section \<open>Simply WB cool GSOS laws\<close>

locale simply_wb_cool_gsos = positive_gsos +
  assumes tau_premise_patience: "r \<in> R \<Longrightarrow> (i, Tau) \<in> set (rpos r) \<Longrightarrow> \<exists>i'. patience_rule ar (rop r) i' r"
    and active_patience: "r \<in> R \<Longrightarrow> (i, c) \<in> set (rpos r) \<Longrightarrow> has_patience ar R (rop r) i"
    and receiving_patience: "receiving_arg R g i \<Longrightarrow> has_patience ar R g i"
    and straight: "r \<in> R \<Longrightarrow> distinct (map fst (rpos r))"
    and smooth: "r \<in> R \<Longrightarrow> (i, c) \<in> set (rpos r) \<Longrightarrow> PX i \<notin> vars (rtgt r)"
begin

lemma weak_step_patience_rule:
  assumes r: "r \<in> R" "patience_rule ar g i r" and len: "length ts = ar g"
    and lus: "length us = length (rpos r)"
    and premise: "weak_step (lam R f) Tau (ts ! i) (us ! 0)"
  shows "weak_step (lam R f) (ract r) (App g ts) (subst (rule_subst ts us) (rtgt r))"
proof -
  have rule: "rop r = g" "rpos r = [(i, Tau)]" "ract r = Tau"
    using r(2) unfolding patience_rule_def by auto
  then have i: "i < ar g" using premise_source_less[OF r(1), of 0] by simp
  have us: "us = [us ! 0]" using lus rule(2) by (cases us) auto
  have "has_patience ar R g i" using r unfolding has_patience_def by blast
  then have "tau_steps (lam R f) (App g ts) (App g (ts[i := us ! 0]))"
    using tau_steps_App_patience len i premise by (simp add: weak_step_Tau_iff)
  then show ?thesis
    using patience_target[OF r(2) len i, of "us ! 0"] us rule(3) by (simp add: weak_step_Tau_iff)
qed

lemma tau_steps_target:
  assumes r: "r \<in> R" and steps: "\<And>j. j < length (rpos r) \<Longrightarrow> tau_steps (lam R f) (bs ! j) (us ! j)"
  shows "tau_steps (lam R f) (subst (rule_subst ts bs) (rtgt r)) (subst (rule_subst ts us) (rtgt r))"
proof (rule tau_steps_subst[OF wf_term_target[OF r]])
  fix v assume v: "v \<in> vars (rtgt r)"
  show "tau_steps (lam R f) (rule_subst ts bs v) (rule_subst ts us v)"
  proof (cases v)
    case (PY j)
    then show ?thesis using target_vars_bounded[OF r v] steps by (simp add: rule_subst_def)
  qed (simp add: rule_subst_def)
next
  fix h vs k v
  assume sub: "App h vs \<in> subterms (rtgt r)" "k < length vs" "v \<in> vars (vs ! k)"
    and "rule_subst ts bs v \<noteq> rule_subst ts us v"
  then obtain j where v: "v = PY j" by (cases v) (simp_all add: rule_subst_def)
  have "vars (vs ! k) \<subseteq> vars (rtgt r)" using vars_subterm[OF sub(1)] nth_mem[OF sub(2)] by auto
  then have "j < length (rpos r)" using target_vars_bounded[OF r, of v] sub(3) v by auto
  then have "receiving_arg R h k" unfolding receiving_arg_def using r sub v by blast
  then show "has_patience ar R h k" by (rule receiving_patience)
qed

lemma premise_index_unique:
  assumes "r \<in> R" "j < length (rpos r)" "j' < length (rpos r)" "fst (rpos r ! j) = fst (rpos r ! j')"
  shows "j = j'"
  using straight[OF assms(1)] assms(2-4) by (simp add: nth_eq_iff_index_eq[symmetric])

lemma ex_advanced_argument:
  assumes r: "r \<in> R"
    and premise: "\<And>j. j < length (rpos r) \<Longrightarrow>
      weak_step (lam R f) (snd (rpos r ! j)) (ts ! fst (rpos r ! j)) (us ! j)"
    and visible: "\<And>j. j < length (rpos r) \<Longrightarrow> snd (rpos r ! j) \<noteq> Tau"
  shows "\<exists>a. tau_steps (lam R f) (ts ! k) a \<and> (k \<notin> fst ` set (rpos r) \<longrightarrow> a = ts ! k) \<and>
    (\<forall>j < length (rpos r). fst (rpos r ! j) = k \<longrightarrow>
      (\<exists>b. (snd (rpos r ! j), b) \<in> lam R f a \<and> tau_steps (lam R f) b (us ! j)))"
proof (cases "k \<in> fst ` set (rpos r)")
  case True
  then obtain j where j: "j < length (rpos r)" "fst (rpos r ! j) = k" by (metis imageE in_set_conv_nth)
  then obtain a b where "tau_steps (lam R f) (ts ! k) a" "(snd (rpos r ! j), b) \<in> lam R f a" "tau_steps (lam R f) b (us ! j)"
    using premise[OF j(1)] visible[OF j(1)] unfolding weak_step_def by blast
  moreover have "j' = j" if "j' < length (rpos r)" "fst (rpos r ! j') = k" for j'
    using premise_index_unique[OF r that(1) j(1)] that(2) j(2) by simp
  ultimately show ?thesis using True by blast
next
  case False
  then have "fst (rpos r ! j) \<noteq> k" if "j < length (rpos r)" for j using that nth_mem by fastforce
  then show ?thesis by blast
qed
• • • •
--- Exercise requirements ---
Retype all of the records above, keeping them identical.

--- Completed exercise ---
section \<open>Simply WB cool GSOS laws\<close>

locale simply_wb_cool_gsos = positive_gsos +
  assumes tau_premise_patience: "r \<in> R \<Longrightarrow> (i, Tau) \<in> set (rpos r) \<Longrightarrow> \<exists>i'. patience_rule ar (rop r) i' r"
    and active_patience: "r \<in> R \<Longrightarrow> (i, c) \<in> set (rpos r) \<Longrightarrow> has_patience ar R (rop r) i"
    and receiving_patience: "receiving_arg R g i \<Longrightarrow> has_patience ar R g i"
    and straight: "r \<in> R \<Longrightarrow> distinct (map fst (rpos r))"
    and smooth: "r \<in> R \<Longrightarrow> (i, c) \<in> set (rpos r) \<Longrightarrow> PX i \<notin> vars (rtgt r)"
begin

lemma weak_step_patience_rule:
  assumes r: "r \<in> R" "patience_rule ar g i r" and len: "length ts = ar g"
    and lus: "length us = length (rpos r)"
    and premise: "weak_step (lam R f) Tau (ts ! i) (us ! 0)"
  shows "weak_step (lam R f) (ract r) (App g ts) (subst (rule_subst ts us) (rtgt r))"
proof -
  have rule: "rop r = g" "rpos r = [(i, Tau)]" "ract r = Tau"
    using r(2) unfolding patience_rule_def by auto
  then have i: "i < ar g" using premise_source_less[OF r(1), of 0] by simp
  have us: "us = [us ! 0]" using lus rule(2) by (cases us) auto
  have "has_patience ar R g i" using r unfolding has_patience_def by blast
  then have "tau_steps (lam R f) (App g ts) (App g (ts[i := us ! 0]))"
    using tau_steps_App_patience len i premise by (simp add: weak_step_Tau_iff)
  then show ?thesis
    using patience_target[OF r(2) len i, of "us ! 0"] us rule(3) by (simp add: weak_step_Tau_iff)
qed

lemma tau_steps_target:
  assumes r: "r \<in> R" and steps: "\<And>j. j < length (rpos r) \<Longrightarrow> tau_steps (lam R f) (bs ! j) (us ! j)"
  shows "tau_steps (lam R f) (subst (rule_subst ts bs) (rtgt r)) (subst (rule_subst ts us) (rtgt r))"
proof (rule tau_steps_subst[OF wf_term_target[OF r]])
  fix v assume v: "v \<in> vars (rtgt r)"
  show "tau_steps (lam R f) (rule_subst ts bs v) (rule_subst ts us v)"
  proof (cases v)
    case (PY j)
    then show ?thesis using target_vars_bounded[OF r v] steps by (simp add: rule_subst_def)
  qed (simp add: rule_subst_def)
next
  fix h vs k v
  assume sub: "App h vs \<in> subterms (rtgt r)" "k < length vs" "v \<in> vars (vs ! k)"
    and "rule_subst ts bs v \<noteq> rule_subst ts us v"
  then obtain j where v: "v = PY j" by (cases v) (simp_all add: rule_subst_def)
  have "vars (vs ! k) \<subseteq> vars (rtgt r)" using vars_subterm[OF sub(1)] nth_mem[OF sub(2)] by auto
  then have "j < length (rpos r)" using target_vars_bounded[OF r, of v] sub(3) v by auto
  then have "receiving_arg R h k" unfolding receiving_arg_def using r sub v by blast
  then show "has_patience ar R h k" by (rule receiving_patience)
qed

lemma premise_index_unique:
  assumes "r \<in> R" "j < length (rpos r)" "j' < length (rpos r)" "fst (rpos r ! j) = fst (rpos r ! j')"
  shows "j = j'"
  using straight[OF assms(1)] assms(2-4) by (simp add: nth_eq_iff_index_eq[symmetric])

lemma ex_advanced_argument:
  assumes r: "r \<in> R"
    and premise: "\<And>j. j < length (rpos r) \<Longrightarrow>
      weak_step (lam R f) (snd (rpos r ! j)) (ts ! fst (rpos r ! j)) (us ! j)"
    and visible: "\<And>j. j < length (rpos r) \<Longrightarrow> snd (rpos r ! j) \<noteq> Tau"
  shows "\<exists>a. tau_steps (lam R f) (ts ! k) a \<and> (k \<notin> fst ` set (rpos r) \<longrightarrow> a = ts ! k) \<and>
    (\<forall>j < length (rpos r). fst (rpos r ! j) = k \<longrightarrow>
      (\<exists>b. (snd (rpos r ! j), b) \<in> lam R f a \<and> tau_steps (lam R f) b (us ! j)))"
proof (cases "k \<in> fst ` set (rpos r)")
  case True
  then obtain j where j: "j < length (rpos r)" "fst (rpos r ! j) = k" by (metis imageE in_set_conv_nth)
  then obtain a b where "tau_steps (lam R f) (ts ! k) a" "(snd (rpos r ! j), b) \<in> lam R f a" "tau_steps (lam R f) b (us ! j)"
    using premise[OF j(1)] visible[OF j(1)] unfolding weak_step_def by blast
  moreover have "j' = j" if "j' < length (rpos r)" "fst (rpos r ! j') = k" for j'
    using premise_index_unique[OF r that(1) j(1)] that(2) j(2) by simp
  ultimately show ?thesis using True by blast
next
  case False
  then have "fst (rpos r ! j) \<noteq> k" if "j < length (rpos r)" for j using that nth_mem by fastforce
  then show ?thesis by blast
qed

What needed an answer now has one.